She caused a lot of heartache in our family, and in me.

I was afraid of her.

I loved her deeply.

She was a complex person and my feelings for her and about her are complex.

There is no duality in my relationship with her.

No either or.

She was both beautiful and ugly, fun and frightening, kind and cruel. She was quite simply a paradox.

We all are to some degree, yet she had a burning intensity. We were estranged for decades.

My sister, Teri Kardatzke Estes has let go of her physical body and mind and I hope she is finally truly at peace and completely immersed in joy! I hope she is laughing with my dad and singing at the top of her lungs with her beautiful voice. She no longer feels fear, rage, or insecurities. She has no need to lash out at anyone. She finally knows herself as beloved, and I have nothing but love in my heart for her.

I forgive you Teri.

Thank you for forgiving me too. I have missed you for a very long time.

I love you always and you will forever be my sister.

I Remember

Today is what would have been my Dad’s 87th birthday. I’m so glad he’s not here in his shriveled up Alzheimer’s form. I do wish he was here as his 1999 63 year old self. I miss that version so much.

Last week our family celebrated life together in one of my Dad’s favorite places, Alberta, Canada. We had beautiful weather and even our 6 and 4 year old grandsons hiked the 4.6 mile, 1500 ft elevation trail. I was so proud of them and I know my Dad was too.
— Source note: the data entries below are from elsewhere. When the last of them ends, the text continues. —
(* For all $x,y\in\mathcal A$, the power series $\mathcal S(x,y;\lambda)=\sum_{n\ge0}P_x(W_n=y)\lambda^n$ and $\mathcal R(x,y;\lambda)=\sum_{n\ge0}P_x(\tau_y=n)\lambda^n$ have radii of convergence strictly greater than $1$.
   Context: Fix an integer $N\ge 3$. Let $\mathcal G_N$ be the groupoid with object set $\{1,\dots,N\}$ generated by arrows $A_{i,j}^{(k)}$, $i\neq j\in\{1,\dots,N\}$, $k\in\{-1,1\}$, with source $i$ and target $j$, subject to the relations $A_{i,j}^{(k)}A_{j,\ell}^{(k)}=A_{i,\ell}^{(k)}$ for all $i,j,\ell$, $k$, with the convention $A_{i,i}^{(k)}:=e_i$ (unit at object $i$). Let $\mathcal A$ be its arrow set. Let $\{W_n\}_{n\ge0}$ be the Markov chain on $\mathcal A$ with $P(W_{n+1}=y\mid W_n=x)=p_{i,j}^{(k)}$ if $x^{-1}y=A_{i,j}^{(k)}$ with $i\ne j$ and $0$ otherwise, where $p_{i,j}^{(k)}\in(0,1)$ and $\sum_{j\ne i}\sum_{k=\pm1}p_{i,j}^{(k)}=1$ for each $i$; $P_x$ denotes the law with $W_0=x$. For $y\in\mathcal A$, $\tau_y=\inf\{n\ge0: W_n=y\}$ is the first hitting time of $y$ (possibly $\infty$). (A power series that is identically zero is regarded as having infinite radius of convergence.) *)

theory Defs
  imports "HOL-Probability.Probability"
begin

text \<open>Concrete model of the groupoid G_N by reduced (normal-form) words.
  G_N is the free product (over the object set) of two copies (labels k = 1, k = -1)
  of the pair groupoid on {1..N}.  An arrow is represented as (s, ws) where s is its source
  and ws = [(k_1,i_1),...,(k_m,i_m)] is the reduced word
  A_{s,i_1}^{(k_1)} A_{i_1,i_2}^{(k_2)} ... A_{i_{m-1},i_m}^{(k_m)}
  with consecutive objects distinct and consecutive labels distinct (alternating).\<close>

type_synonym arrow = "nat \<times> (int \<times> nat) list"

definition src :: "arrow \<Rightarrow> nat" where
  "src x = fst x"

definition tgt :: "arrow \<Rightarrow> nat" where
  "tgt x = (if snd x = [] then fst x else snd (last (snd x)))"

definition arrows :: "nat \<Rightarrow> arrow set" where
  "arrows N = {(s, ws). s \<in> {1..N}
      \<and> (\<forall>(k, j) \<in> set ws. j \<in> {1..N} \<and> k \<in> {-1, 1})
      \<and> (\<forall>m < length ws. snd (ws ! m) \<noteq> (if m = 0 then s else snd (ws ! (m - 1))))
      \<and> (\<forall>m. Suc m < length ws \<longrightarrow> fst (ws ! m) \<noteq> fst (ws ! Suc m))}"

definition unit_arr :: "nat \<Rightarrow> arrow" where
  "unit_arr i = (i, [])"

definition gen :: "nat \<Rightarrow> nat \<Rightarrow> int \<Rightarrow> arrow" where
  "gen i j k = (if i = j then (i, []) else (i, [(k, j)]))"

text \<open>Right multiplication of a reduced word by one letter (k,j), using the relation
  A_{i,j}^{(k)} A_{j,l}^{(k)} = A_{i,l}^{(k)} (with A_{i,i}^{(k)} = e_i) to reduce.\<close>
definition push :: "arrow \<Rightarrow> int \<times> nat \<Rightarrow> arrow" where
  "push x l = (let (s, ws) = x; (k, j) = l in
     if ws \<noteq> [] \<and> fst (last ws) = k then
       (if tgt (s, butlast ws) = j then (s, butlast ws) else (s, butlast ws @ [(k, j)]))
     else (s, ws @ [(k, j)]))"

text \<open>Groupoid composition x y (x first, then y; defined when tgt x = src y).\<close>
definition mult :: "arrow \<Rightarrow> arrow \<Rightarrow> arrow" where
  "mult x y = foldl push x (snd y)"

text \<open>One-step transition law: from x, move to x A_{tgt x, j}^{(k)} with probability
  p (tgt x) j k, i.e. P(W_{n+1} = y | W_n = x) = p_{i,j}^{(k)} iff x^{-1} y = A_{i,j}^{(k)}.\<close>
definition trans_prob :: "nat \<Rightarrow> (nat \<Rightarrow> nat \<Rightarrow> int \<Rightarrow> real) \<Rightarrow> arrow \<Rightarrow> arrow \<Rightarrow> real" where
  "trans_prob N p x y =
     (\<Sum>j\<in>{1..N} - {tgt x}. \<Sum>k\<in>{-1, 1::int}.
        p (tgt x) j k * (if y = mult x (gen (tgt x) j k) then 1 else 0))"

definition kernel :: "nat \<Rightarrow> (nat \<Rightarrow> nat \<Rightarrow> int \<Rightarrow> real) \<Rightarrow> arrow \<Rightarrow> arrow pmf" where
  "kernel N p x = embed_pmf (trans_prob N p x)"

fun path_pmf :: "nat \<Rightarrow> (nat \<Rightarrow> nat \<Rightarrow> int \<Rightarrow> real) \<Rightarrow> arrow \<Rightarrow> nat \<Rightarrow> arrow list pmf" where
  "path_pmf N p x 0 = return_pmf [x]"
| "path_pmf N p x (Suc n) =
     bind_pmf (path_pmf N p x n) (\<lambda>w. map_pmf (\<lambda>z. w @ [z]) (kernel N p (last w)))"

definition prob_at :: "nat \<Rightarrow> (nat \<Rightarrow> nat \<Rightarrow> int \<Rightarrow> real) \<Rightarrow> arrow \<Rightarrow> arrow \<Rightarrow> nat \<Rightarrow> real" where
  "prob_at N p x y n = measure_pmf.prob (path_pmf N p x n) {w. w ! n = y}"

definition prob_hit :: "nat \<Rightarrow> (nat \<Rightarrow> nat \<Rightarrow> int \<Rightarrow> real) \<Rightarrow> arrow \<Rightarrow> arrow \<Rightarrow> nat \<Rightarrow> real" where
  "prob_hit N p x y n =
     measure_pmf.prob (path_pmf N p x n) {w. w ! n = y \<and> (\<forall>m < n. w ! m \<noteq> y)}"

end

theory Submission
  imports Defs
begin

text \<open>
  Let u_n(z) = P_x(W_n = z) and let \<delta> > 0 bound all p_{i,j}^(k) from below. The targets of
  W_n form a Markov chain on the objects with matrix Q(t,j) = \<Sum>_k p_{t,j}^(k); its weights
  \<omega>_n = 1 Q^n stay between \<delta>^2 and N, and \<Sum>_z \<omega>_n(tgt z) T(z,y) \<le> \<omega>_{n+1}(tgt y) because
  an arrow has at most one predecessor for each object and label.
  Cauchy--Schwarz applied to u_{n+1}(y) = \<Sum>_z u_n(z) T(z,y) with the weights \<omega>_n(tgt z) T(z,y)
  shows that the energy E_n = \<Sum>_z u_n(z)^2 / \<omega>_n(tgt z) drops in each step by a multiple of
  the Dirichlet form of h = u_n / \<omega>_n(tgt _) along the triangles v, v A_{t,j}^(k), v A_{t,j'}^(k)
  (the last two differ by A_{j,j'}^(k)). Two such extension maps are injective with disjoint
  images, so the Dirichlet form dominates a fixed fraction of \<Sum> h^2. Hence E_n decays
  geometrically, and with it u_n(y)^2 \<le> N E_n and P_x(\<tau>_y = n) \<le> u_n(y).
\<close>

section \<open>Reduced words\<close>

lemma tgt_Nil [simp]: "tgt (s, []) = s"
  and tgt_snoc [simp]: "tgt (s, ws @ [l]) = snd l"
  by (auto simp: tgt_def)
Dad took us there for the first time in June of 1999, and again in June of 2003. The sparkle in his eye every time he saw mountains or waterfalls was captivating. He would point out car windows and sunroofs just making sure everyone could see what he saw! “Don’t miss it!” He would yell. I’m not missing the mountains and the waterfalls Dad. I’m seeking them out wherever I am. I am missing you. Every. Single. Day.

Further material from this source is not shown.